As a fishing village situated at the easternmost end of the island, Ostend's strategic location on the North Sea gave it growing importance. Its position on the natural channel that was beginning to breach the island's dunes made it an ideal port. In 1267, Margaretha of Constantinople, Countess of Flanders, granted the settlement city rights, which spurred its development into a significant harbour town. This growth, however, coincided with a period of intense storm activity and rising sea levels that placed the entire island under severe threat.

=== Catastrophic Storm Surges ===

Beginning in the 12th century, a series of catastrophic storm surges began to permanently reshape the coastline. The All Saints' Flood of 1170 was particularly destructive, eroding dune barriers along the North Sea coast. Over the following century, successive storms, including St. Lucia's flood in 1287, continued to batter Testerep. These events progressively submerged the lower-lying parts of the island, widened the channel east of Ostend, and eventually led to a major breach that permanently separated Ostend from the mainland. The western part of the island, which housed Westende and Middelkerke, was gradually fused with the mainland as the channel behind it silted up, while the sea claimed much of the land in between.

=== The Fall of the First Ostend ===

As the city of Ostend expanded, its inhabitants systematically flattened the surrounding dunes to make room for development. This removal of the island's natural sea defences left the settlement critically exposed. The consequences were catastrophic. The St. Clement's Flood in 1334 caused widespread devastation across the already vulnerable land. The final blow came with the enormous St. Vincent's Flood in 1393, which completely ruined the original city.

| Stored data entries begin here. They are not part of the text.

(* Let $\Sigma=\{(x,u(x)):x\in\Omega\}$ be a smooth strictly locally convex graph in $\mathbb{H}^{n+1}$ over a bounded domain $\Omega\subset\mathbb{R}^n$, with $u\ge\epsilon$ in $\Omega$ and $u=\epsilon$ on $\partial\Omega$ for some $\epsilon>0$. Then \[ \frac{1}{\nu^{n+1}}\le\max\Big\{\frac{\max_\Omega u}{u},\ \max_{\partial\Omega}\frac{1}{\nu^{n+1}}\Big\}\quad\text{in }\Omega. \]
   Context: Half-space model $\mathbb{H}^{n+1}=\{(x,x_{n+1}):x_{n+1}>0\}$, metric $\sum dx_i^2/x_{n+1}^2$. The graph is oriented upward; strictly locally convex means all hyperbolic principal curvatures are positive, equivalently the matrix $\{\delta_{ij}+u_iu_j+uu_{ij}\}$ is positive definite. $\nu^{n+1}=1/\sqrt{1+|Du|^2}$ is the last component of the upward Euclidean unit normal. *)

theory Defs
  imports "HOL-Analysis.Analysis"
begin

definition pdiff :: "'n::finite \<Rightarrow> (real^'n \<Rightarrow> real) \<Rightarrow> real^'n \<Rightarrow> real" where
  "pdiff i f x = frechet_derivative f (at x) (axis i 1)"

fun Ck_on :: "nat \<Rightarrow> (real^'n::finite) set \<Rightarrow> (real^'n \<Rightarrow> real) \<Rightarrow> bool" where
  "Ck_on 0 U f = continuous_on U f"
| "Ck_on (Suc k) U f = (continuous_on U f \<and> f differentiable_on U \<and> (\<forall>i. Ck_on k U (pdiff i f)))"

definition smooth_on :: "(real^'n::finite) set \<Rightarrow> (real^'n \<Rightarrow> real) \<Rightarrow> bool" where
  "smooth_on U f = (\<forall>k. Ck_on k U f)"

definition grad :: "(real^'n::finite \<Rightarrow> real) \<Rightarrow> real^'n \<Rightarrow> real^'n" where
  "grad f x = (\<chi> i. pdiff i f x)"

definition hess :: "(real^'n::finite \<Rightarrow> real) \<Rightarrow> real^'n \<Rightarrow> real^'n^'n" where
  "hess f x = (\<chi> i j. pdiff j (pdiff i f) x)"

definition convex_matrix :: "(real^'n::finite \<Rightarrow> real) \<Rightarrow> real^'n \<Rightarrow> real^'n^'n" where
  "convex_matrix u x = (\<chi> i j. (if i = j then 1 else 0) + grad u x $ i * grad u x $ j + u x * hess u x $ i $ j)"

definition pos_def :: "real^'n^'n::finite \<Rightarrow> bool" where
  "pos_def A = (\<forall>\<xi>. \<xi> \<noteq> 0 \<longrightarrow> \<xi> \<bullet> (A *v \<xi>) > 0)"

text \<open>Strict local convexity of the graph of u over Omega (hyperbolic principal curvatures positive).\<close>
definition strictly_locally_convex_graph :: "(real^'n::finite \<Rightarrow> real) \<Rightarrow> (real^'n) set \<Rightarrow> bool" where
  "strictly_locally_convex_graph u \<Omega> = (\<forall>x\<in>\<Omega>. pos_def (convex_matrix u x))"

text \<open>Last component of the upward Euclidean unit normal of the graph.\<close>
definition nu_last :: "(real^'n::finite \<Rightarrow> real) \<Rightarrow> real^'n \<Rightarrow> real" where
  "nu_last u x = 1 / sqrt (1 + (norm (grad u x))\<^sup>2)"

end

theory Submission
  imports Defs
begin

text \<open>The function \<open>w = (u / \<nu>\<^sup>n\<^sup>+\<^sup>1)\<^sup>2 = u\<^sup>2 (1 + |Du|\<^sup>2)\<close> (\<open>scaled_slope u\<close>) attains its
  maximum on the compact set \<open>closure \<Omega>\<close>. At an interior maximum point the first-order
  condition reads \<open>2u \<cdot> (Du)\<^sup>T A = 0\<close>, where \<open>A = (\<delta>\<^sub>i\<^sub>j + u\<^sub>iu\<^sub>j + uu\<^sub>i\<^sub>j)\<close> is positive definite by
  strict local convexity, so \<open>Du = 0\<close> there and \<open>w \<le> (max u)\<^sup>2\<close>. At a boundary maximum point
  \<open>u = \<epsilon> \<le> u(x)\<close>, so \<open>w \<le> u(x)\<^sup>2 max\<^sub>\<partial>\<^sub>\<Omega> \<nu>\<^sup>-\<^sup>2\<close>. Taking square roots at \<open>x\<close> and dividing
  by \<open>u(x)\<close> gives the bound.\<close>

lemma pos_def_vector_matrix_mult_eq_0:
  fixes A :: "real^'n^'n::finite"
  assumes "pos_def A" and "v v* A = 0"
  shows "v = 0"
proof (rule ccontr)
  assume "v \<noteq> 0"
  with assms(1) have "v \<bullet> (A *v v) > 0" unfolding pos_def_def by blast
  moreover have "v \<bullet> (A *v v) = 0"
    using dot_lmul_matrix[of v A v] assms(2) by simp
  ultimately show False by simp
qed

lemma norm_power2_vec: "(norm (x::real^'n::finite))\<^sup>2 = (\<Sum>i\<in>UNIV. (x$i)\<^sup>2)"
  by (simp only: power2_norm_eq_inner) (simp add: inner_vec_def power2_eq_square)

lemma nu_last_pos: "nu_last u x > 0"
  by (simp add: nu_last_def add_pos_nonneg)

lemma inverse_nu_last: "1 / nu_last u x = sqrt (1 + (norm (grad u x))\<^sup>2)"
  by (simp add: nu_last_def)

lemma nu_last_grad_eq_0: "grad u x = 0 \<Longrightarrow> nu_last u x = 1"
  by (simp add: nu_last_def)

lemma continuous_on_grad:
  assumes "\<And>i. continuous_on S (pdiff i u)"
  shows "continuous_on S (grad u)"
  unfolding grad_def[abs_def] by (intro continuous_on_vec_lambda assms)

lemma Ck_on_2_D:
  assumes "Ck_on 2 U u"
  shows "continuous_on U u" and "u differentiable_on U"
    and "\<And>i. continuous_on U (pdiff i u)" and "\<And>i. pdiff i u differentiable_on U"
  using assms by (auto simp: numeral_2_eq_2)

definition scaled_slope :: "(real^'n::finite \<Rightarrow> real) \<Rightarrow> real^'n \<Rightarrow> real" where
  "scaled_slope u x = (u x)\<^sup>2 * (1 + (norm (grad u x))\<^sup>2)"

lemma scaled_slope_eq: "scaled_slope u x = (u x / nu_last u x)\<^sup>2"
proof -
  have "0 \<le> 1 + (norm (grad u x))\<^sup>2" by simp
  then show ?thesis by (simp add: scaled_slope_def nu_last_def power_mult_distrib)
qed

lemma continuous_on_scaled_slope:
  assumes "continuous_on S u" and "\<And>i. continuous_on S (pdiff i u)"
  shows "continuous_on S (scaled_slope u)"
  unfolding scaled_slope_def[abs_def]
  by (intro continuous_intros assms continuous_on_grad)

lemma grad_vector_matrix_mult_convex_matrix:
  "(grad u x v* convex_matrix u x) $ k
     = grad u x $ k * (1 + (norm (grad u x))\<^sup>2) + u x * (\<Sum>i\<in>UNIV. grad u x $ i * hess u x $ i $ k)"
proof -
  let ?g = "grad u x" and ?H = "hess u x"
  have "(\<Sum>i\<in>UNIV. ?g $ i * (if i = k then 1 else 0)) = ?g $ k"
    by (subst mult.commute) (simp only: mult_if_delta sum.delta finite UNIV_I if_True)
  then have "(?g v* convex_matrix u x) $ k
      = ?g $ k + (\<Sum>i\<in>UNIV. ?g $ i * ?g $ i * ?g $ k) + (\<Sum>i\<in>UNIV. u x * ?g $ i * ?H $ i $ k)"
    by (simp add: vector_matrix_mult_def convex_matrix_def distrib_left sum.distrib mult_ac
        del: mult_if_delta)
  then show ?thesis
    unfolding norm_power2_vec
    by (simp add: algebra_simps sum_distrib_left sum_distrib_right power2_eq_square)
qed

lemma has_derivative_scaled_slope:
  assumes "u differentiable (at x)" and "\<And>i. pdiff i u differentiable (at x)"
  obtains D where "(scaled_slope u has_derivative D) (at x)"
    and "\<And>k. D (axis k 1) = 2 * u x * (grad u x v* convex_matrix u x) $ k"
proof -
  define Du where "Du = frechet_derivative u (at x)"
  define Dg where "Dg i = frechet_derivative (pdiff i u) (at x)" for i
  have slope: "scaled_slope u = (\<lambda>y. (u y)\<^sup>2 * (1 + (\<Sum>i\<in>UNIV. (pdiff i u y)\<^sup>2)))"
    by (simp add: fun_eq_iff scaled_slope_def norm_power2_vec grad_def)
  have hu: "(u has_derivative Du) (at x)"
    using assms(1) by (simp add: Du_def frechet_derivative_works)
  have hg: "(pdiff i u has_derivative Dg i) (at x)" for i
    using assms(2) by (simp add: Dg_def frechet_derivative_works)
  define D where "D v = 2 * u x * Du v * (1 + (norm (grad u x))\<^sup>2)
    + (u x)\<^sup>2 * (\<Sum>i\<in>UNIV. 2 * pdiff i u x * Dg i v)" for v
  have "(scaled_slope u has_derivative D) (at x)"
    unfolding slope D_def norm_power2_vec grad_def
    by (rule derivative_eq_intros hu hg refl | simp)+ (simp add: fun_eq_iff mult_ac)
  moreover have "D (axis k 1) = 2 * u x * (grad u x v* convex_matrix u x) $ k" for k
  proof -
    have "Du (axis k 1) = grad u x $ k" "Dg i (axis k 1) = hess u x $ i $ k" for i
      by (simp_all add: Du_def Dg_def grad_def hess_def pdiff_def)
    then show ?thesis
      unfolding D_def grad_vector_matrix_mult_convex_matrix
      by (simp add: grad_def algebra_simps sum_distrib_left power2_eq_square)
  qed
  ultimately show ?thesis using that by blast
qed

lemma grad_eq_0_at_max_scaled_slope:
  assumes "open S" and "x \<in> S" and max: "\<forall>y\<in>S. scaled_slope u y \<le> scaled_slope u x"
    and "u differentiable (at x)" and "\<And>i. pdiff i u differentiable (at x)"
    and "pos_def (convex_matrix u x)" and "u x \<noteq> 0"
  shows "grad u x = 0"
proof -
  obtain D where D: "(scaled_slope u has_derivative D) (at x)"
    and Daxis: "\<And>k. D (axis k 1) = 2 * u x * (grad u x v* convex_matrix u x) $ k"
    using has_derivative_scaled_slope assms(4,5) by blast
  have "D = (\<lambda>v. 0)"
    using differential_zero_maxmin[OF assms(2,1) D] max by blast
  then have "grad u x v* convex_matrix u x = 0"
    using Daxis \<open>u x \<noteq> 0\<close> by (simp add: vec_eq_iff)
  then show ?thesis
    using pos_def_vector_matrix_mult_eq_0 assms(6) by blast
qed

lemma bound_on_closure_by_interior_max_and_frontier:
  fixes f :: "'a::topological_space \<Rightarrow> real"
  assumes "open \<Omega>" and "compact (closure \<Omega>)" and "continuous_on (closure \<Omega>) f"
    and interior: "\<And>y. y \<in> \<Omega> \<Longrightarrow> \<forall>z\<in>closure \<Omega>. f z \<le> f y \<Longrightarrow> f y \<le> c"
    and frontier: "\<And>y. y \<in> frontier \<Omega> \<Longrightarrow> f y \<le> c"
    and "x \<in> closure \<Omega>"
  shows "f x \<le> c"
proof -
  have "closure \<Omega> \<noteq> {}" using assms(6) by auto
  then obtain y where y: "y \<in> closure \<Omega>" and ymax: "\<forall>z\<in>closure \<Omega>. f z \<le> f y"
    using continuous_attains_sup[OF assms(2) _ assms(3)] by blast
  have "f y \<le> c"
  proof (cases "y \<in> \<Omega>")
    case True
    then show ?thesis using interior ymax by blast
  next
    case False
    then have "y \<in> frontier \<Omega>"
      using y \<open>open \<Omega>\<close> by (simp add: frontier_def interior_open)
    then show ?thesis using frontier by blast
  qed
  then show ?thesis using ymax assms(6) by fastforce
qed

lemma bdd_above_continuous_image_compact:
  fixes f :: "'a::topological_space \<Rightarrow> real"
  assumes "compact K" and "continuous_on K f" and "A \<subseteq> K"
  shows "bdd_above (f ` A)"
  using compact_imp_bounded[OF compact_continuous_image[OF assms(2,1)]] assms(3)
  by (meson bdd_above_mono bounded_imp_bdd_above image_mono)

lemma height_over_nu_last_le:
  fixes u :: "real^'n::finite \<Rightarrow> real"
  assumes "open \<Omega>" and "bounded \<Omega>" and "open U" and "closure \<Omega> \<subseteq> U" and "Ck_on 2 U u"
    and "strictly_locally_convex_graph u \<Omega>" and "\<forall>y\<in>\<Omega>. u y > 0"
    and interior: "\<forall>y\<in>\<Omega>. u y \<le> M" and frontier: "\<forall>y\<in>frontier \<Omega>. u y / nu_last u y \<le> M"
    and "x \<in> closure \<Omega>"
  shows "u x / nu_last u x \<le> M"
proof (rule power2_le_imp_le)
  have cont_u: "continuous_on (closure \<Omega>) u"
    using continuous_on_subset[OF Ck_on_2_D(1)[OF assms(5)] assms(4)] .
  have cont_pdiff: "continuous_on (closure \<Omega>) (pdiff i u)" for i
    using continuous_on_subset[OF Ck_on_2_D(3)[OF assms(5)] assms(4)] .
  have diff: "u differentiable (at y)" "pdiff i u differentiable (at y)" if "y \<in> \<Omega>" for y i
  proof -
    have "y \<in> U" using that assms(4) closure_subset by blast
    then show "u differentiable (at y)" "pdiff i u differentiable (at y)"
      using Ck_on_2_D(2,4)[OF assms(5)] assms(3)
      by (simp_all add: differentiable_on_eq_differentiable_at)
  qed
  have nonneg: "0 \<le> u y / nu_last u y" if "y \<in> closure \<Omega>" for y
    using continuous_ge_on_closure[OF cont_u that, of 0] assms(7) nu_last_pos[of u y]
    by (simp add: less_imp_le)
  show "(u x / nu_last u x)\<^sup>2 \<le> M\<^sup>2"
    unfolding scaled_slope_eq[symmetric]
  proof (rule bound_on_closure_by_interior_max_and_frontier
      [OF assms(1) _ continuous_on_scaled_slope[OF cont_u cont_pdiff] _ _ assms(10)])
    show "compact (closure \<Omega>)" using assms(2) by (simp add: compact_closure)
  next
    fix y assume "y \<in> \<Omega>" and max: "\<forall>z\<in>closure \<Omega>. scaled_slope u z \<le> scaled_slope u y"
    then have "grad u y = 0"
      using grad_eq_0_at_max_scaled_slope[OF assms(1) \<open>y \<in> \<Omega>\<close> _ diff[OF \<open>y \<in> \<Omega>\<close>]]
        closure_subset assms(6,7)
      unfolding strictly_locally_convex_graph_def by fastforce
    then have "u y / nu_last u y \<le> M" "0 \<le> u y / nu_last u y"
      using assms(7) interior \<open>y \<in> \<Omega>\<close> by (auto simp: nu_last_grad_eq_0 less_imp_le)
    then show "scaled_slope u y \<le> M\<^sup>2"
      unfolding scaled_slope_eq by (rule power_mono)
  next
    fix y assume "y \<in> frontier \<Omega>"
    moreover have "0 \<le> u y / nu_last u y"
      using nonneg \<open>y \<in> frontier \<Omega>\<close> by (simp add: frontier_def)
    ultimately show "scaled_slope u y \<le> M\<^sup>2"
      using frontier by (simp add: scaled_slope_eq power_mono)
  qed
  have "\<Omega> \<noteq> {}" using assms(10) by auto
  then obtain y where "y \<in> \<Omega>" by blast
  then have "0 < u y" "u y \<le> M" using assms(7) interior by auto
  then show "M \<ge> 0" by linarith
qed

theorem proposition3p2:
  fixes u :: "real^'n \<Rightarrow> real" and \<Omega> U :: "(real^'n) set" and \<epsilon> :: real
  assumes "open \<Omega>" and "connected \<Omega>" and "\<Omega> \<noteq> {}" and "bounded \<Omega>"
    and "open U" and "closure \<Omega> \<subseteq> U" and "smooth_on U u"
    and "strictly_locally_convex_graph u \<Omega>"
    and "\<epsilon> > 0"
    and "\<forall>x\<in>\<Omega>. u x \<ge> \<epsilon>" and "\<forall>x\<in>frontier \<Omega>. u x = \<epsilon>"
    and "x \<in> \<Omega>"
  shows "1 / nu_last u x \<le> max ((SUP y\<in>\<Omega>. u y) / u x) (SUP y\<in>frontier \<Omega>. 1 / nu_last u y)"
proof -
  have C2: "Ck_on 2 U u" using assms(7) unfolding smooth_on_def by blast
  have compact: "compact (closure \<Omega>)" using assms(4) by (simp add: compact_closure)
  have "continuous_on (closure \<Omega>) u"
    using continuous_on_subset[OF Ck_on_2_D(1)[OF C2] assms(6)] .
  then have bdd_S: "bdd_above (u ` \<Omega>)"
    by (rule bdd_above_continuous_image_compact[OF compact _ closure_subset])
  have "continuous_on (closure \<Omega>) (\<lambda>y. 1 / nu_last u y)"
    unfolding inverse_nu_last using continuous_on_subset[OF Ck_on_2_D(3)[OF C2] assms(6)]
    by (intro continuous_intros continuous_on_grad)
  moreover have "frontier \<Omega> \<subseteq> closure \<Omega>" by (simp add: frontier_def)
  ultimately have bdd_B: "bdd_above ((\<lambda>y. 1 / nu_last u y) ` frontier \<Omega>)"
    by (rule bdd_above_continuous_image_compact[OF compact])
  define S where "S = (SUP y\<in>\<Omega>. u y)"
  define B where "B = (SUP y\<in>frontier \<Omega>. 1 / nu_last u y)"
  have "u x > 0" using assms(9,10,12) by force
  have "u x / nu_last u x \<le> max S (u x * B)"
  proof (rule height_over_nu_last_le[OF assms(1,4,5,6) C2])
    show "\<forall>y\<in>\<Omega>. u y \<le> max S (u x * B)"
      using bdd_S unfolding S_def by (simp add: cSUP_upper le_max_iff_disj)
    show "\<forall>y\<in>frontier \<Omega>. u y / nu_last u y \<le> max S (u x * B)"
    proof
      fix y assume "y \<in> frontier \<Omega>"
      then have "u y / nu_last u y = \<epsilon> * (1 / nu_last u y)" using assms(11) by simp
      also have "\<dots> \<le> u x * B"
        using cSUP_upper[OF \<open>y \<in> frontier \<Omega>\<close> bdd_B] assms(9,10,12) nu_last_pos[of u y]
        unfolding B_def by (intro mult_mono) auto
      finally show "u y / nu_last u y \<le> max S (u x * B)" by simp
    qed
  qed (use assms(8,9,10,12) closure_subset in \<open>force+\<close>)
  then have "1 / nu_last u x \<le> max S (u x * B) / u x"
    using \<open>u x > 0\<close> by (simp add: field_simps)
  also have "\<dots> = max (S / u x) B"
    using \<open>u x > 0\<close> by (simp add: max_divide_distrib_right)
  finally show ?thesis unfolding S_def B_def .
qed

end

Thousands of townspeople were forced to leave the original city and founded a second Ostend five hundred meters inland, no longer on the island of Testerep but on land in the Bredene district.

=== Disappearance of Testerep ===

In the 15th and 16th centuries, the devastating tidal waves of a new series of storm surges would eventually sink the northern half of Testerep into the North Sea. After poldering of the Testerep gully, the southern part would form part of the mainland from the twelfth century, the widest part of which formed Westende and Lombardsijde.

=== Present ===

During the reclamation of the newly silted channel lands, the Testerepvliet was canalized into the "Groot Geleed", a still existing drainage ditch north of the Moere-Blote- en Moere-Nieuwlandpolder. The IJzer river (current harbor channel near Nieuwpoort) still has on its eastern bank some mudflats and marshes as small remains of the old creek. Together with the nature reserve "IJzermonding", the "Sint-Laureins beach" with the dunes behind it and the former naval base in Lombardsijde, this area used to form the Ijzer estuary.